Alcohol consumption has the potential to raise blood pressure levels and it has been linked to increased risk of hypertension, itself a major cause of premature death. Unfortunately, there is no strong global movement to alert populations to the dangerous effects of alcohol, a hugely socially accepted relaxant. Risks associated with articles praising "immune-boasting cocktails" aside, as well as those promoting the antioxidant properties of red wine, alcohol benefits from its undeserved health-halo effect.

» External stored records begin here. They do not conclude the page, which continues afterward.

lemma zact_fixes_zid_imp_mem_Inter:
  assumes g: "g \<in> carrier (FG r)" and fixes_zid: "zact r g (zid r Gs) = zid r Gs"
  shows "g \<in> (\<Inter>n. Gs n)"
proof
  fix n
  have "g \<otimes>\<^bsub>FG r\<^esub> \<one>\<^bsub>FG r\<^esub> \<in> g <#\<^bsub>FG r\<^esub> Gs n"
    using subgroup.one_closed[OF subgroup_Gs] by (auto simp: l_coset_def)
  also have "g <#\<^bsub>FG r\<^esub> Gs n = Gs n"
    using fun_cong[OF fixes_zid, of n] by (simp add: zact_def zid_level)
  finally show "g \<in> Gs n"
    using r_one[OF g] by simp
qed

lemma const_b_zid_notin_x0_orbit:
  assumes "(\<Inter>n. Gs n) = {\<one>\<^bsub>FG r\<^esub>}"
  shows "((\<lambda>_. gen_b), zid r Gs) \<notin> x0_orbit r Gs"
proof
  assume "((\<lambda>_. gen_b), zid r Gs) \<in> x0_orbit r Gs"
  then obtain g where g: "g \<in> carrier (FG r)"
    and b: "bact g a_inf = (\<lambda>_. gen_b)" and z: "zact r g (zid r Gs) = zid r Gs"
    by (auto simp: x0_orbit_def xact_def x0_def)
  have "g = []"
    using zact_fixes_zid_imp_mem_Inter[OF g z] assms by (simp add: FG_one)
  with b show False
    by (auto simp: bact_def a_inf_def gen_a_def gen_b_def dest: fun_cong[of _ _ 0])
qed
(* Let $\triangle PQR$ be a triangle contained in $D$. Then there exists a triangle $\triangle P'Q'R'\subset D$ that is (Euclidean-)similar to $\triangle PQR$ such that for every triangle $\triangle ABC\subset D$ that is (Euclidean-)congruent to $\triangle P'Q'R'$, $\rho(\psi_{\triangle ABC})=\frac13$.
   Context: $D$ is the open unit disk in $\mathbb{R}^2$ and $S^1$ its boundary, identified with $\mathbb{R}/\mathbb{Z}$ via $t\mapsto(\cos2\pi t,\sin2\pi t)$. Triangles are non-degenerate closed Euclidean triangles. For a triangle $T\subset D$ and $v\in S^1$, there are exactly two chords $vv_1,vv_2$ of $S^1$ whose lines support $T$; with $v_1$ the one reached first moving counterclockwise from $v$, set $\psi_T(v):=v_1$ (a homeomorphism of $S^1$). $\rho(\psi_T)=\lim_{n\to\infty}\overline{\psi_T}^{\,n}(0)/n$ is its rotation number, where $\overline{\psi_T}$ is the lift to $\mathbb{R}$ with $\overline{\psi_T}(0)\in(0,1)$. *)

theory Defs
  imports "HOL-Analysis.Analysis"
begin

text \<open>Points of the plane are vectors in real^2.  The circle S^1 is parametrised by
  R/Z via t maps to (cos 2 pi t, sin 2 pi t).\<close>

definition circ :: "real \<Rightarrow> real^2" where
  "circ t = vector [cos (2 * pi * t), sin (2 * pi * t)]"

definition is_triangle :: "(real^2) set \<Rightarrow> bool" where
  "is_triangle T \<longleftrightarrow> (\<exists>A B C. \<not> collinear {A, B, C} \<and> T = convex hull {A, B, C})"

definition in_disk :: "(real^2) set \<Rightarrow> bool" where
  "in_disk T \<longleftrightarrow> T \<subseteq> ball 0 1"

definition cross2 :: "real^2 \<Rightarrow> real^2 \<Rightarrow> real" where
  "cross2 u v = u$1 * v$2 - u$2 * v$1"

definition supports :: "(real^2) set \<Rightarrow> real^2 \<Rightarrow> real^2 \<Rightarrow> bool" where
  "supports T p q \<longleftrightarrow> p \<noteq> q \<and> (\<exists>x\<in>T. cross2 (q - p) (x - p) = 0) \<and>
     ((\<forall>x\<in>T. cross2 (q - p) (x - p) \<ge> 0) \<or> (\<forall>x\<in>T. cross2 (q - p) (x - p) \<le> 0))"

text \<open>Counterclockwise offset (in (0,1)) from v = circ t to psi_T(v): the first endpoint,
  moving counterclockwise from v, of a chord from v whose line supports T.\<close>
definition psi_offset :: "(real^2) set \<Rightarrow> real \<Rightarrow> real" where
  "psi_offset T t = Inf {d. 0 < d \<and> d < 1 \<and> supports T (circ t) (circ (t + d))}"

definition psi_lift :: "(real^2) set \<Rightarrow> real \<Rightarrow> real" where
  "psi_lift T x = x + psi_offset T x"

definition similar :: "(real^2) set \<Rightarrow> (real^2) set \<Rightarrow> bool" where
  "similar S T \<longleftrightarrow> (\<exists>f k. k > 0 \<and> (\<forall>x y. dist (f x) (f y) = k * dist x y) \<and> f ` S = T)"

definition congruent :: "(real^2) set \<Rightarrow> (real^2) set \<Rightarrow> bool" where
  "congruent S T \<longleftrightarrow> (\<exists>f. (\<forall>x y. dist (f x) (f y) = dist x y) \<and> f ` S = T)"

end

theory Submission
  imports Defs
begin

text \<open>
  For a triangle T in the disk, psi_T lifts to the pointwise minimum, over the vertices X of T,
  of the maps sending x to x + chord_offset X x, where circ (x + chord_offset X x) is the far
  end of the chord from circ x through X. These maps are monotone and of degree one, so the
  rotation number is 1/3 as soon as the third iterate of the lift moves some point by at least
  one turn and some point by at most one turn.

  The first bound holds for every triangle: the rays from the centroid through the vertices meet
  the circle in an inscribed triangle containing T, and psi_T maps each of its vertices at or
  beyond the next one. For the second, normalise T by a similarity so that its longest side is a
  diameter (T not acute) or its circumcircle is the unit circle (T acute). Then there is an
  inscribed triangle each of whose sides is strictly crossed by a vertex of T, so psi_T maps each
  of its vertices at most to the next one. Shrinking T by a factor l < 1 close to 1 makes this
  robust under all congruences into the disk: the origin is a convex combination of the vertices
  of T on the circle, so a congruent copy of l T inside the disk is translated by less than
  sqrt (1 - l^2).
\<close>

section \<open>Lifts of degree one\<close>

lemma degree_one_add_of_int:
  fixes F :: "real \<Rightarrow> real"
  assumes "\<And>x. F (x + 1) = F x + 1"
  shows "F (x + of_int k) = F x + of_int k"
proof -
  have nat: "F (y + real m) = F y + real m" for y m
  proof (induction m)
    case (Suc m)
    have "F (y + real (Suc m)) = F ((y + real m) + 1)" by (simp add: ac_simps)
    also have "\<dots> = F y + real (Suc m)" using Suc assms by simp
    finally show ?case .
  qed simp
  show ?thesis
  proof (cases "k \<ge> 0")
    case True
    then show ?thesis using nat[of x "nat k"] by simp
  next
    case False
    then show ?thesis using nat[of "x + of_int k" "nat (- k)"] by simp
  qed
qed

lemma funpow_degree_one_add_of_int:
  fixes F :: "real \<Rightarrow> real"
  assumes "\<And>x. F (x + 1) = F x + 1"
  shows "(F ^^ n) (x + of_int k) = (F ^^ n) x + of_int k"
  by (induction n) (simp_all add: degree_one_add_of_int[where F = F, OF assms])

lemma LIMSEQ_divide_of_bounded_dist:
  fixes a :: "nat \<Rightarrow> real"
  assumes "\<And>n. \<bar>a n - real n * c\<bar> \<le> C"
  shows "(\<lambda>n. a n / real n) \<longlonglongrightarrow> c"
proof (rule tendsto_sandwich)
  show "(\<lambda>n. c - C / real n) \<longlonglongrightarrow> c" "(\<lambda>n. c + C / real n) \<longlonglongrightarrow> c"
    using tendsto_diff[OF tendsto_const lim_const_over_n[of C]]
      tendsto_add[OF tendsto_const lim_const_over_n[of C]] by simp_all
  have close: "\<bar>a n / real n - c\<bar> \<le> C / real n" if "0 < n" for n
  proof -
    have "a n / real n - c = (a n - real n * c) / real n" using that by (simp add: field_simps)
    then show ?thesis using assms[of n] that by (simp add: abs_divide divide_right_mono)
  qed
  have "\<forall>\<^sub>F n in sequentially. \<bar>a n / real n - c\<bar> \<le> C / real n"
    using eventually_gt_at_top[of 0] by (rule eventually_mono) (rule close)
  then show "\<forall>\<^sub>F n in sequentially. c - C / real n \<le> a n / real n"
    "\<forall>\<^sub>F n in sequentially. a n / real n \<le> c + C / real n"
    by (eventually_elim, simp add: abs_le_iff algebra_simps)+
qed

Resveratrol, an anti-oxident, is found in over 70 plant species, in particular grapes and it is often cited as vital to the purported health benefits of wine. "It is not known whether there is a safe and effective dosage for chronic disease prevention", the conclusion reached by the Linus Pauling Institute. However, most supplements contain 250 to 500 milligrams of resveratrol, while a 150-millilitre (five-ounce) glass of red wine contains less than a milligram (0.2 - 0.5 milligrams). "You have to take huge amounts to have an effect", cautioned Dr.John. "And based on the evidence we have right now these hypotheses do not make sense."
So the conclusion that Dr.John's study reaches, along with an increasing body of evidence, is that no matter how much you drink, drink less. Those who take note, might alter drinking habits, limiting it to a glass of wine on holidays and abstaining for all other ordinary, daily events. "Many people do not know that they are, in essence, alcohol dependent. And this is the best way to learn (by abstaining for defined periods of time)."